如何检测 Python 中外部模块的崩溃?
How do I detect a crash in an external module in Python?
我正在使用 Triangle 模块生成约束 Delaunay 三角剖分(可在 http://www.lfd.uci.edu/~gohlke/pythonlibs/ 获得)。在某些情况下,函数 triangle.triangulate 崩溃,并且 windows 说 'Python.exe has stopped responding'。我曾尝试使用 try/except 结构,如下例所示,但不一致地崩溃了。我假设三角剖分过程的一部分是随机的(见下文 'secondary question'),但我不完全确定。
这种不一致的情况令人担忧。我在 Windows.
from shapely.geometry import Polygon, MultiPolygon, LineString
import numpy as np
import triangle
import matplotlib.pyplot as plt
import matplotlib.tri as tri
import random
def meshXOR(polyRef, shape, otherVerts, otherSegs, otherHole):
verts = []
verts3 = []
segs = []
outerLength = len(polyRef[shape[0]])
for i in range(outerLength-1):#-1 because xorpoly duplicates first point into last spot
verts.append((polyRef[shape[0]][i][0],polyRef[shape[0]][i][1])) #append the point to the verts array which will be fed into the delaunay triangulator
if i == outerLength - 2:
segs.append([i,0])
else:
segs.append([i,i+1])
h = []
for cInd in shape[1]:
shift = len(verts)
innerLength = len(polyRef[cInd])
for i in range(innerLength-1):
verts.append((polyRef[cInd][i][0],polyRef[cInd][i][1]))
if i == innerLength - 2:
segs.append([i+shift,shift])
else:
segs.append([i+shift,i+1+shift])
h += list(Polygon(polyRef[cInd]).representative_point().coords)

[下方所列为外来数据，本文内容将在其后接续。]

lemma trace_ip_in_F2: "trace_ip n u w \<in> {0, F4_1}"
proof (induction n)
  case (Suc n)
  have "trace_ip (Suc n) u w = trace_ip n u w + f4_trace (u n) (w n)"
    by (simp add: trace_ip_eq_sum)
  then show ?case
    using F2_add_closed[OF Suc f4_trace_in_F2] by simp
qed (simp add: trace_ip_eq_sum)

lemma trace_ip_nondegenerate:
  assumes "w \<in> vecs n" "w \<noteq> 0"
  shows "\<exists>u\<in>vecs n. trace_ip n u w = F4_1"
proof -
  obtain i where wi: "w i \<noteq> 0"
    using assms(2) by (auto simp: fun_eq_iff)
  have "i < n"
  proof (rule ccontr)
    assume "\<not> i < n"
    then show False
      using assms(1) wi by (simp add: vecs_def zero_F4_def)
  qed
  obtain a where a: "f4_trace a (w i) = F4_1"
    using f4_trace_nondegenerate wi by blast
  define u where "u j = (if j = i then a else 0)" for j
  have "trace_ip n u w = (\<Sum>j<n. if j = i then f4_trace a (w i) else 0)"
    unfolding trace_ip_eq_sum by (rule sum.cong) (auto simp: u_def)
  also have "\<dots> = F4_1"
    using \<open>i < n\<close> a by simp
  finally have "trace_ip n u w = F4_1" .
  moreover have "u \<in> vecs n"
    using \<open>i < n\<close> by (simp add: vecs_def u_def zero_F4_def)
  ultimately show ?thesis
    by blast
qed

section \<open>Dual codes\<close>

lemma additive_code_iff:
  "additive_code n C \<longleftrightarrow> C \<subseteq> vecs n \<and> 0 \<in> C \<and> (\<forall>u\<in>C. \<forall>w\<in>C. u + w \<in> C)"
  by (simp add: additive_code_def vadd_eq_plus zero_vector_eq)

lemma self_orthogonal_iff:
  "self_orthogonal n C \<longleftrightarrow> (\<forall>u\<in>C. \<forall>w\<in>C. trace_ip n u w = 0)"
  by (simp add: self_orthogonal_def zero_F4_def)

definition dual :: "nat \<Rightarrow> vec4 set \<Rightarrow> vec4 set" where
  "dual n C = {w \<in> vecs n. \<forall>c\<in>C. trace_ip n w c = 0}"

lemma finite_dual: "finite (dual n C)"
  by (rule finite_subset_vecs) (auto simp: dual_def)

lemma self_orthogonal_iff_subset_dual:
  "C \<subseteq> vecs n \<Longrightarrow> self_orthogonal n C \<longleftrightarrow> C \<subseteq> dual n C"
  by (auto simp: self_orthogonal_iff dual_def)

text \<open>Count the pairs \<open>(c, w) \<in> C \<times> F4^n\<close> with \<open>trace_ip n w c = 0\<close> in two ways: a nonzero
  \<open>c\<close> is orthogonal to half of \<open>F4^n\<close>, and a \<open>w\<close> outside the dual to half of \<open>C\<close>.\<close>

lemma card_code_mult_card_dual:
  assumes "additive_code n C"
  shows "card C * card (dual n C) = 4 ^ n"
proof -
  let ?V = "vecs n" and ?D = "dual n C"
  have "C \<subseteq> ?V" "0 \<in> C" and C_add: "\<And>a b. a \<in> C \<Longrightarrow> b \<in> C \<Longrightarrow> a + b \<in> C"
    using assms by (auto simp: additive_code_iff)
  have "finite C"
    using \<open>C \<subseteq> ?V\<close> by (rule finite_subset_vecs)
  have "?D \<subseteq> ?V"
    by (auto simp: dual_def)
  have "2 * card {w \<in> ?V. trace_ip n w c = 0} = card ?V + (if c = 0 then card ?V else 0)"
    if "c \<in> C" for c
  proof (cases "c = 0")
    case False
    then obtain u where "u \<in> ?V" "trace_ip n u c = F4_1"
      using trace_ip_nondegenerate \<open>C \<subseteq> ?V\<close> \<open>c \<in> C\<close> by blast
    then show ?thesis
      using False trace_ip_in_F2
      by (subst card_kernel_of_two_valued_hom[where c = F4_1])
        (auto simp: finite_vecs vecs_add trace_ip_add_left zero_F4_def)
  qed simp
  then have "2 * (\<Sum>c\<in>C. card {w \<in> ?V. trace_ip n w c = 0}) = card C * card ?V + card ?V"
    using \<open>finite C\<close> \<open>0 \<in> C\<close> by (simp add: sum_distrib_left sum.distrib)
  moreover have "2 * card {c \<in> C. trace_ip n w c = 0} = card C + (if w \<in> ?D then card C else 0)"
    if "w \<in> ?V" for w
  proof (cases "w \<in> ?D")
    case False
    then obtain c where "c \<in> C" "trace_ip n w c = F4_1"
      using \<open>w \<in> ?V\<close> trace_ip_in_F2 by (fastforce simp: dual_def)
    then show ?thesis
      using False trace_ip_in_F2
      by (subst card_kernel_of_two_valued_hom[where c = F4_1])
        (auto simp: \<open>finite C\<close> C_add trace_ip_add_right zero_F4_def)
  next
    case True
    then have "{c \<in> C. trace_ip n w c = 0} = C"
      by (auto simp: dual_def)
    with True show ?thesis
      by simp
  qed
  then have "2 * (\<Sum>w\<in>?V. card {c \<in> C. trace_ip n w c = 0}) = card ?V * card C + card ?D * card C"
    using \<open>?D \<subseteq> ?V\<close> finite_vecs
    by (simp add: sum_distrib_left sum.distrib sum.If_cases Int_absorb1 Int_absorb2)
  moreover have "(\<Sum>c\<in>C. card {w \<in> ?V. trace_ip n w c = 0})
      = (\<Sum>w\<in>?V. card {c \<in> C. trace_ip n w c = 0})"
    using \<open>finite C\<close> finite_vecs by (rule sum_card_filter_swap)
  ultimately have "card C * card ?V + card ?V = card ?V * card C + card ?D * card C"
    by linarith
  then have "card ?V = card C * card ?D"
    by (simp add: algebra_simps)
  then show ?thesis
    using card_vecs by simp
qed

lemma card_dual_Diff:
  assumes "additive_code n T" "self_orthogonal n T" "card T = 2 ^ i" "i \<le> n"
  shows "card (dual n T - T) = 2 ^ i * (4 ^ (n - i) - 1)"
proof -
  have "(4::nat) ^ n = 2 ^ i * 2 ^ (2 * n - i)"
    using assms(4) by (simp add: power_mult flip: power_add)
  then have "card (dual n T) = 2 ^ (2 * n - i)"
    using card_code_mult_card_dual[OF assms(1)] assms(3) by simp
  moreover have "T \<subseteq> dual n T"
    using assms(1,2) self_orthogonal_iff_subset_dual by (auto simp: additive_code_iff)
  ultimately have "card (dual n T - T) = 2 ^ i * (2 ^ (2 * n - i - i) - 1)"
    using assms(3,4) finite_dual by (intro card_Diff_pow2) auto
  moreover have "2 * n - i - i = 2 * (n - i)"
    by simp
  ultimately show ?thesis
    by (simp add: power_mult)
qed

section \<open>Extending self-orthogonal codes one vector at a time\<close>

text \<open>For an additive code \<open>T\<close>, \<open>extend T w\<close> is the code generated by \<open>T\<close> and \<open>w\<close>, and
  \<open>span_with S [w\<^sub>j, ..., w\<^sub>1]\<close> the one generated by \<open>S\<close> and \<open>w\<^sub>1, ..., w\<^sub>j\<close>.\<close>

definition extend :: "vec4 set \<Rightarrow> vec4 \<Rightarrow> vec4 set" where
  "extend T w = T \<union> (+) w ` T"

fun span_with :: "vec4 set \<Rightarrow> vec4 list \<Rightarrow> vec4 set" where
  "span_with S [] = S"
| "span_with S (w # ws) = extend (span_with S ws) w"

lemma mem_extend_iff: "x \<in> extend T w \<longleftrightarrow> x \<in> T \<or> w + x \<in> T"
  by (auto simp: extend_def image_iff intro: bexI[of _ "w + x"])

lemma additive_code_extend:
  assumes "additive_code n T" "w \<in> vecs n"
  shows "additive_code n (extend T w)"
proof -
  have closed: "a + b \<in> T" if "a \<in> T" "b \<in> T" for a b
    using assms(1) that by (simp add: additive_code_iff)
  have "x + y \<in> extend T w" if xy: "x \<in> extend T w" "y \<in> extend T w" for x y
  proof -
    consider "x \<in> T" "y \<in> T" | "x \<in> T" "w + y \<in> T" | "w + x \<in> T" "y \<in> T"
      | "w + x \<in> T" "w + y \<in> T"
      using xy unfolding mem_extend_iff by blast
    then show ?thesis
    proof cases
      case 2
      then have "x + (w + y) \<in> T"
        by (rule closed)
      then show ?thesis
        by (simp add: mem_extend_iff add.left_commute)
    next
      case 3
      then have "(w + x) + y \<in> T"
        by (rule closed)
      then show ?thesis
        by (simp add: mem_extend_iff add.assoc)
    next
      case 4
      then have "(w + x) + (w + y) \<in> T"
        by (rule closed)
      then show ?thesis
        by (simp add: mem_extend_iff add_ac)
    qed (simp add: mem_extend_iff closed)
  qed
  moreover have "extend T w \<subseteq> vecs n"
    using assms by (auto simp: extend_def additive_code_iff vecs_add)
  ultimately show ?thesis
    using assms(1) by (auto simp: additive_code_iff extend_def)
qed

lemma card_extend:
  assumes "additive_code n T" "w \<notin> T"
  shows "card (extend T w) = 2 * card T"
proof -
  have "finite T"
    using assms(1) finite_subset_vecs by (auto simp: additive_code_iff)
  have "T \<inter> (+) w ` T = {}"
  proof (rule ccontr)
    assume "T \<inter> (+) w ` T \<noteq> {}"
    then obtain t where "t \<in> T" "w + t \<in> T"
      by auto
    then have "w \<in> T"
      using assms(1) vector_add_cancel_left[of t w] by (metis add.commute additive_code_iff)
    with assms(2) show False ..
  qed
  moreover have "card ((+) w ` T) = card T"
    by (simp add: card_image inj_on_def)
  ultimately show ?thesis
    using \<open>finite T\<close> by (simp add: extend_def card_Un_disjoint)
qed

lemma self_orthogonal_extend:
  assumes "self_orthogonal n T" "w \<in> dual n T"
  shows "self_orthogonal n (extend T w)"
proof -
  have T: "trace_ip n a b = 0" if "a \<in> T" "b \<in> T" for a b
    using assms(1) that by (simp add: self_orthogonal_iff)
  have wT: "trace_ip n w a = 0" "trace_ip n a w = 0" if "a \<in> T" for a
    using assms(2) that trace_ip_commute[of n a w] by (auto simp: dual_def)
  show ?thesis
    unfolding self_orthogonal_iff extend_def
    by (auto simp: trace_ip_add_left trace_ip_add_right T wT)
qed

lemma extend_subset:
  assumes "additive_code n C" "T \<subseteq> C" "w \<in> C"
  shows "extend T w \<subseteq> C"
  using assms by (auto simp: extend_def additive_code_iff)

lemma subset_span_with: "S \<subseteq> span_with S ws"
  by (induction ws) (auto simp: extend_def)

lemma span_with_self_orthogonal_code:
  assumes "admissible (\<lambda>ys. dual n (span_with S ys) - span_with S ys) xs"
    and "additive_code n S" "self_orthogonal n S"
  shows "additive_code n (span_with S xs) \<and> self_orthogonal n (span_with S xs)
    \<and> card (span_with S xs) = 2 ^ length xs * card S"
  using assms(1)
proof (induction xs)
  case (Cons w ws)
  then have "additive_code n (span_with S ws)" "self_orthogonal n (span_with S ws)"
      "card (span_with S ws) = 2 ^ length ws * card S"
    and w: "w \<in> dual n (span_with S ws)" "w \<notin> span_with S ws"
    by auto
  moreover have "w \<in> vecs n"
    using w(1) by (simp add: dual_def)
  ultimately show ?case
    by (simp add: additive_code_extend self_orthogonal_extend card_extend)
qed (use assms(2,3) in simp)

lemma admissible_within_code_iff:
  assumes "additive_code n C" "self_orthogonal n C" "S \<subseteq> C" "0 \<in> S"
  shows "admissible (\<lambda>ys. C - span_with S ys) xs \<longleftrightarrow>
    admissible (\<lambda>ys. dual n (span_with S ys) - span_with S ys) xs \<and> span_with S xs \<subseteq> C"
proof (induction xs)
  case (Cons w ws)
  let ?T = "span_with S ws"
  have "w \<in> C \<longleftrightarrow> w \<in> dual n ?T \<and> extend ?T w \<subseteq> C" if "?T \<subseteq> C"
  proof
    assume "w \<in> C"
    moreover from this have "w \<in> dual n ?T"
      using assms(1,2) that by (auto simp: additive_code_iff self_orthogonal_iff dual_def)
    ultimately show "w \<in> dual n ?T \<and> extend ?T w \<subseteq> C"
      using extend_subset[OF assms(1) that] by blast
  next
    assume "w \<in> dual n ?T \<and> extend ?T w \<subseteq> C"
    moreover have "w \<in> extend ?T w"
      using assms(4) subset_span_with by (auto simp: mem_extend_iff)
    ultimately show "w \<in> C"
      by blast
  qed
  moreover have "?T \<subseteq> extend ?T w"
    by (simp add: extend_def)
  ultimately show ?case
    using Cons.IH by auto
qed (use assms(3) in simp)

print 'verts are: ', verts
#output: verts are: [(0.0, 5.0), (0.0, 10.0), (10.0, 10.0), (10.0, 0.0), (0.0, 0.0), (0.0, 5.0), (7.0, 3.0), (7.0, 7.0)]
print 'segs are: ', segs
#output: segs are: [[0, 1], [1, 2], [2, 3], [3, 4], [4, 0], [5, 6], [6, 7], [7, 5]]
print 'holes are: ', h
#output: holes are: [(5.25, 6.0)]
print 'verts: ', verts == otherVerts
print 'segs: ', segs == otherSegs
print 'hole: ', h == otherHole
return verts, segs, h
pA = Polygon([[0.0,0.0],[10.0,0.0],[10.0,10.0],[0.0,10.0]])
pB = Polygon([[0.0,5.0],[7.0,3.0],[7.0,7.0]])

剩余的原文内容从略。